[Saved data entries]

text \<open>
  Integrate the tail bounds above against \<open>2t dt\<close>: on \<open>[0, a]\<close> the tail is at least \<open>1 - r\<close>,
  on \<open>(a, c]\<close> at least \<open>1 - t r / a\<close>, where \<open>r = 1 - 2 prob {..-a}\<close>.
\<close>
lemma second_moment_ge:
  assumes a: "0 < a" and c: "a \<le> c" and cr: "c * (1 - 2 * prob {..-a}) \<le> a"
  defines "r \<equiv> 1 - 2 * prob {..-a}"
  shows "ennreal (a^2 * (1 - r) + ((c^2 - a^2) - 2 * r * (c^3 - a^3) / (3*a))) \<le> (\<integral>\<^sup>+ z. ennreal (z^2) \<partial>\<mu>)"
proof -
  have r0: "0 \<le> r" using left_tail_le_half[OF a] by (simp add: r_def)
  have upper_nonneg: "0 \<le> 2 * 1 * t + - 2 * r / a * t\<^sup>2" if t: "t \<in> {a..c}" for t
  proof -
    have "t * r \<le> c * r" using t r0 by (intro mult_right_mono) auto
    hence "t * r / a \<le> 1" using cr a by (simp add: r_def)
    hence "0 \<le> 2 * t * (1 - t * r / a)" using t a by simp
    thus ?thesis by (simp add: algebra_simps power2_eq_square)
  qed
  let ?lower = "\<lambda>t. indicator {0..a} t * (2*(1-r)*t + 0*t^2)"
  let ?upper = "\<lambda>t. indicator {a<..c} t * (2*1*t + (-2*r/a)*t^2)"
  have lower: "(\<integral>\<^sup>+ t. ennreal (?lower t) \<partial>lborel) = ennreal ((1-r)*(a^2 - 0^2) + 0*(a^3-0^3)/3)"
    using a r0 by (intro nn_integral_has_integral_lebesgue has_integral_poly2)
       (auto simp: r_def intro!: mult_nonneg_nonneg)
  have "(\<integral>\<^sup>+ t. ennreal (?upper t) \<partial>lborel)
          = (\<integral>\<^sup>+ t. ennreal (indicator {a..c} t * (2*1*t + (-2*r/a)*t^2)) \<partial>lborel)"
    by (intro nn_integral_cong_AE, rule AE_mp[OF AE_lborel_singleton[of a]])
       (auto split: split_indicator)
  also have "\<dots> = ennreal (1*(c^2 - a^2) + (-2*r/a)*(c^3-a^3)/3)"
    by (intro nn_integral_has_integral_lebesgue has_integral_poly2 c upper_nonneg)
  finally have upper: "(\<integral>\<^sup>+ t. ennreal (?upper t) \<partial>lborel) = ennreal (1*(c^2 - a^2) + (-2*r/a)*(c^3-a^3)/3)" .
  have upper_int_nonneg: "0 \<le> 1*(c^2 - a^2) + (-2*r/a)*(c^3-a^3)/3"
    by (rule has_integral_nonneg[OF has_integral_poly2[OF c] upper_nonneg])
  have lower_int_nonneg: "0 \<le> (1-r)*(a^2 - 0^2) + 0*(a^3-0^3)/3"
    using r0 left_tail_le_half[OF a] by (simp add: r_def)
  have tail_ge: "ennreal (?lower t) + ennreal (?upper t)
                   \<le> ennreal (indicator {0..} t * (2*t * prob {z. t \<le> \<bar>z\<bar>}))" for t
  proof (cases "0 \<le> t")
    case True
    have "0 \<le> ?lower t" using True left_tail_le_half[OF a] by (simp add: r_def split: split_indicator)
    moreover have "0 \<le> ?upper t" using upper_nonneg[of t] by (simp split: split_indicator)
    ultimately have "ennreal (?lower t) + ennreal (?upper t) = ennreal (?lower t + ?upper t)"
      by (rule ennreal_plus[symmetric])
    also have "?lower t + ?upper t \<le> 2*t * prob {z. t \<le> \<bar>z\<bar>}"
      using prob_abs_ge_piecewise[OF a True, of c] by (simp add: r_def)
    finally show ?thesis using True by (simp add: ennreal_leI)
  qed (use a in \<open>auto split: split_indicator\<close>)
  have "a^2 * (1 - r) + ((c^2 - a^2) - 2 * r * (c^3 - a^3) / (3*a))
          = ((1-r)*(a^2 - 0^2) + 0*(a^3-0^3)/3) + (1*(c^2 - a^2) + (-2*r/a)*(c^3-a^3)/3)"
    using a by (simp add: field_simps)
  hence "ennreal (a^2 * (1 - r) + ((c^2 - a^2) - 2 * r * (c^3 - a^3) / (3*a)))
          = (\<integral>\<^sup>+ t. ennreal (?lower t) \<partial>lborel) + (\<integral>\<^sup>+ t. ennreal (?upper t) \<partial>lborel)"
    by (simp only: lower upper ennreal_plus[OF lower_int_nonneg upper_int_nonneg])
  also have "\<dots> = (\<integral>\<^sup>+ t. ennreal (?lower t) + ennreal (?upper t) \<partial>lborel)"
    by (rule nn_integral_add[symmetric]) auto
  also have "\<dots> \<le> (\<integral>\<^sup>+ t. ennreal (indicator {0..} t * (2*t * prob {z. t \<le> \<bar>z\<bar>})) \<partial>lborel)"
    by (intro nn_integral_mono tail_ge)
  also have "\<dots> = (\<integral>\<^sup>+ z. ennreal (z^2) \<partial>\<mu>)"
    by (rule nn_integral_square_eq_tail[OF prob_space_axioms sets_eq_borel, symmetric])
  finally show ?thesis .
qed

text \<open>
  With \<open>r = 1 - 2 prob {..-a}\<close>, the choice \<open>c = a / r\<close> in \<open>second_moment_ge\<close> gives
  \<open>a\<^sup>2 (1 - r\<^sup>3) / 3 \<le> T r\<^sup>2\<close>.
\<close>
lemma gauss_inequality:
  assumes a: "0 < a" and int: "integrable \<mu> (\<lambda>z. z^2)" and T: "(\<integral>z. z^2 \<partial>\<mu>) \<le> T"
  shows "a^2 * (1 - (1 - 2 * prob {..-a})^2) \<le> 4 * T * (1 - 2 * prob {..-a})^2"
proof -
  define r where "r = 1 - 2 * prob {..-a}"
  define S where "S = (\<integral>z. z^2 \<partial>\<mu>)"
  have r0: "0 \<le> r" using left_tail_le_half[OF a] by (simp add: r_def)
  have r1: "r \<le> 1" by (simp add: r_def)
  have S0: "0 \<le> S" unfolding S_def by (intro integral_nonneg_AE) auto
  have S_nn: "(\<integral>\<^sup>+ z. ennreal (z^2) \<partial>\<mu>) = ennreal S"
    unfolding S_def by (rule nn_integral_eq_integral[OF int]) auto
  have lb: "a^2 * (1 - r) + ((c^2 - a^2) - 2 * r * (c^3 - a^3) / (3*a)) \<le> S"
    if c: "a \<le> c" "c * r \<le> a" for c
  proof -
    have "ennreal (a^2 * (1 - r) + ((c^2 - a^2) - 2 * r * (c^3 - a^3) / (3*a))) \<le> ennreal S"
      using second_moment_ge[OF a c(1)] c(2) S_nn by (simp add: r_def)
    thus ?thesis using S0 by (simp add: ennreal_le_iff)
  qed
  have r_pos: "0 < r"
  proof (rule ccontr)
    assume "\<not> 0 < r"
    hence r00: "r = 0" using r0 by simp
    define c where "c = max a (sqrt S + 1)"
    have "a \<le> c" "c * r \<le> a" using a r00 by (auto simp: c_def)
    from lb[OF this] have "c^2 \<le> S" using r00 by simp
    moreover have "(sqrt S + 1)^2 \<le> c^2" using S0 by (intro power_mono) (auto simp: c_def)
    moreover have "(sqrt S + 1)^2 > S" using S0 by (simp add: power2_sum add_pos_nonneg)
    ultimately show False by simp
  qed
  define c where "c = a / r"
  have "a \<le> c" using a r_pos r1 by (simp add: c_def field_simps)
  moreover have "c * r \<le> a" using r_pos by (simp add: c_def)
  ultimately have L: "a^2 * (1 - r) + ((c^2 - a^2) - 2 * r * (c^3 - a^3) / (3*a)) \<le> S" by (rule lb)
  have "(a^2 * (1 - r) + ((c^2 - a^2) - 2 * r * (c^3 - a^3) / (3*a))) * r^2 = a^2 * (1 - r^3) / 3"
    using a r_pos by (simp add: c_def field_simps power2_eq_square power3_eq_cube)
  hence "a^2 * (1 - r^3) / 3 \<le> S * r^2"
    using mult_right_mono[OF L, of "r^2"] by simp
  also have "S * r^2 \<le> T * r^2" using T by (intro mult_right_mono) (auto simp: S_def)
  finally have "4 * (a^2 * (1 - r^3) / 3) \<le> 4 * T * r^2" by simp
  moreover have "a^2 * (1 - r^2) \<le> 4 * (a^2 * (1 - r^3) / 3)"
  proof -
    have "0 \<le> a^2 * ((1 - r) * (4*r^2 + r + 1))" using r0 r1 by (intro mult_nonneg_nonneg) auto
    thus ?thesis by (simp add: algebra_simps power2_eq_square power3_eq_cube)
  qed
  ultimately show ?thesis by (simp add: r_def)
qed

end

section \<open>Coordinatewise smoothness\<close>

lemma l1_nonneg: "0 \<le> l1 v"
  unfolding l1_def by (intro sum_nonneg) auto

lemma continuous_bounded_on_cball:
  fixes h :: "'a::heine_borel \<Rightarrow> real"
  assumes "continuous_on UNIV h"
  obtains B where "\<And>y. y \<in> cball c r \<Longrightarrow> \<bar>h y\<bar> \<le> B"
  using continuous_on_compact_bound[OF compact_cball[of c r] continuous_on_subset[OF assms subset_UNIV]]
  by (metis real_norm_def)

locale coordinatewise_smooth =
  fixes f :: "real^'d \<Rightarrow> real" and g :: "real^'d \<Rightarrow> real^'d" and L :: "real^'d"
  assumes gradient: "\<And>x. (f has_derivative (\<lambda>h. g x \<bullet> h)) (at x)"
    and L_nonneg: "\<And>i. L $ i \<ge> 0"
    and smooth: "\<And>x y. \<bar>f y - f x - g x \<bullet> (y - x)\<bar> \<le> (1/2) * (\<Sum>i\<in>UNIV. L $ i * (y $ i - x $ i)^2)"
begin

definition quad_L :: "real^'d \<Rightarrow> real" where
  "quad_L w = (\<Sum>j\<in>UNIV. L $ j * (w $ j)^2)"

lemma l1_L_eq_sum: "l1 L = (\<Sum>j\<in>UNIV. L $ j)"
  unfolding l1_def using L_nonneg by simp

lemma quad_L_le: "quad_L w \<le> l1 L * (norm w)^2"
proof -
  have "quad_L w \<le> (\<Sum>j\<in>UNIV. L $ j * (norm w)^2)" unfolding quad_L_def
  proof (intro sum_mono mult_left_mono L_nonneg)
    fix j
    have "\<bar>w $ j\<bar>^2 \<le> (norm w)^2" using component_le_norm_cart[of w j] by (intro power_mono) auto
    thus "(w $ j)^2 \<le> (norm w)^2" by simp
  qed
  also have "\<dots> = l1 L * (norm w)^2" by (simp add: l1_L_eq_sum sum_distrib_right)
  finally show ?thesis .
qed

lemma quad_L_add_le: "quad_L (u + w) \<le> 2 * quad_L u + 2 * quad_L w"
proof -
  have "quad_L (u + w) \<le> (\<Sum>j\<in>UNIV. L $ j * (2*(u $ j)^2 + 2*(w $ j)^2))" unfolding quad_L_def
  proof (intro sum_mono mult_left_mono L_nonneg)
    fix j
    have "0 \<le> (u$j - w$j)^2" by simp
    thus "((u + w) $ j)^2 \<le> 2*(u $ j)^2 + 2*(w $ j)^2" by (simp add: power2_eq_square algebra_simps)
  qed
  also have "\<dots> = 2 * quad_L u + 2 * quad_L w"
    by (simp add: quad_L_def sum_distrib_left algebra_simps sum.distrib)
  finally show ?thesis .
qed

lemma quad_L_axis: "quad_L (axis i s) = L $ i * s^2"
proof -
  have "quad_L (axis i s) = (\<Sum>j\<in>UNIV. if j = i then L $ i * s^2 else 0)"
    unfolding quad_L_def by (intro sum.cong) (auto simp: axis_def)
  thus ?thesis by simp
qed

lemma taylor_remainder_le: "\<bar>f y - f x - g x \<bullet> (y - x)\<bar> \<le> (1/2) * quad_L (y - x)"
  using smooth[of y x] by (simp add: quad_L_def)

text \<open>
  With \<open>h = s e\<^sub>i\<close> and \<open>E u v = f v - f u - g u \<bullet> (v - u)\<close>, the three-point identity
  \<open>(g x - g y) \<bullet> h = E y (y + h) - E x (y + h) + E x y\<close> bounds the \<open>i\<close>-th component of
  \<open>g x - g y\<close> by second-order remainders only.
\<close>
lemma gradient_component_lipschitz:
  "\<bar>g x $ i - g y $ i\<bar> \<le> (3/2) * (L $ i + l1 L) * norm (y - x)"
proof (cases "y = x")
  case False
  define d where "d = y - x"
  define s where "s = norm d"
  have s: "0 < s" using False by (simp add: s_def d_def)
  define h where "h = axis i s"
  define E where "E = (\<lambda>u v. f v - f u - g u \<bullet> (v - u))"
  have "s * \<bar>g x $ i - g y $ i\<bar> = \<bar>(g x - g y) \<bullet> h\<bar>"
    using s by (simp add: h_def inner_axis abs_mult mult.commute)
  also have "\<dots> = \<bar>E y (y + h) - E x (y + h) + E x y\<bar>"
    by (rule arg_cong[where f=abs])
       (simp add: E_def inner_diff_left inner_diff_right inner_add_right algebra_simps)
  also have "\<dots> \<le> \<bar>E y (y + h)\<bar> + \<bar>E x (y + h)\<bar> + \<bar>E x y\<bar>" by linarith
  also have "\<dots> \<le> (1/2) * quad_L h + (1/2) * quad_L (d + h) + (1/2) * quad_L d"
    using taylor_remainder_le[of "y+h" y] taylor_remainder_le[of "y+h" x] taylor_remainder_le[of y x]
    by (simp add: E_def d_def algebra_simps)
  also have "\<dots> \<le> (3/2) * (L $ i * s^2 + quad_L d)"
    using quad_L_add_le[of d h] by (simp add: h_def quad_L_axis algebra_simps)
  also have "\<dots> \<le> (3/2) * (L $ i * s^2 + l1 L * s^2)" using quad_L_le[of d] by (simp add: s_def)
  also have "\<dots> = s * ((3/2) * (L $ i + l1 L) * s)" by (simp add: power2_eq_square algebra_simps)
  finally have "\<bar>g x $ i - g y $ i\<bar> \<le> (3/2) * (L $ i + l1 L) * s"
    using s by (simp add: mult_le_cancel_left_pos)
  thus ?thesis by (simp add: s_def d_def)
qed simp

→ **Problem**
Please return the lines above that run from the line containing "(u + w) \<le> 2" to the line containing "(simp add: E_def inner_diff_left", inclusive, exactly and with no other lines.

→ **Answer**
lemma quad_L_add_le: "quad_L (u + w) \<le> 2 * quad_L u + 2 * quad_L w"
proof -
  have "quad_L (u + w) \<le> (\<Sum>j\<in>UNIV. L $ j * (2*(u $ j)^2 + 2*(w $ j)^2))" unfolding quad_L_def
  proof (intro sum_mono mult_left_mono L_nonneg)
    fix j
    have "0 \<le> (u$j - w$j)^2" by simp
    thus "((u + w) $ j)^2 \<le> 2*(u $ j)^2 + 2*(w $ j)^2" by (simp add: power2_eq_square algebra_simps)
  qed
  also have "\<dots> = 2 * quad_L u + 2 * quad_L w"
    by (simp add: quad_L_def sum_distrib_left algebra_simps sum.distrib)
  finally show ?thesis .
qed

lemma quad_L_axis: "quad_L (axis i s) = L $ i * s^2"
proof -
  have "quad_L (axis i s) = (\<Sum>j\<in>UNIV. if j = i then L $ i * s^2 else 0)"
    unfolding quad_L_def by (intro sum.cong) (auto simp: axis_def)
  thus ?thesis by simp
qed

lemma taylor_remainder_le: "\<bar>f y - f x - g x \<bullet> (y - x)\<bar> \<le> (1/2) * quad_L (y - x)"
  using smooth[of y x] by (simp add: quad_L_def)

text \<open>
  With \<open>h = s e\<^sub>i\<close> and \<open>E u v = f v - f u - g u \<bullet> (v - u)\<close>, the three-point identity
  \<open>(g x - g y) \<bullet> h = E y (y + h) - E x (y + h) + E x y\<close> bounds the \<open>i\<close>-th component of
  \<open>g x - g y\<close> by second-order remainders only.
\<close>
lemma gradient_component_lipschitz:
  "\<bar>g x $ i - g y $ i\<bar> \<le> (3/2) * (L $ i + l1 L) * norm (y - x)"
proof (cases "y = x")
  case False
  define d where "d = y - x"
  define s where "s = norm d"
  have s: "0 < s" using False by (simp add: s_def d_def)
  define h where "h = axis i s"
  define E where "E = (\<lambda>u v. f v - f u - g u \<bullet> (v - u))"
  have "s * \<bar>g x $ i - g y $ i\<bar> = \<bar>(g x - g y) \<bullet> h\<bar>"
    using s by (simp add: h_def inner_axis abs_mult mult.commute)
  also have "\<dots> = \<bar>E y (y + h) - E x (y + h) + E x y\<bar>"
    by (rule arg_cong[where f=abs])
       (simp add: E_def inner_diff_left inner_diff_right inner_add_right algebra_simps)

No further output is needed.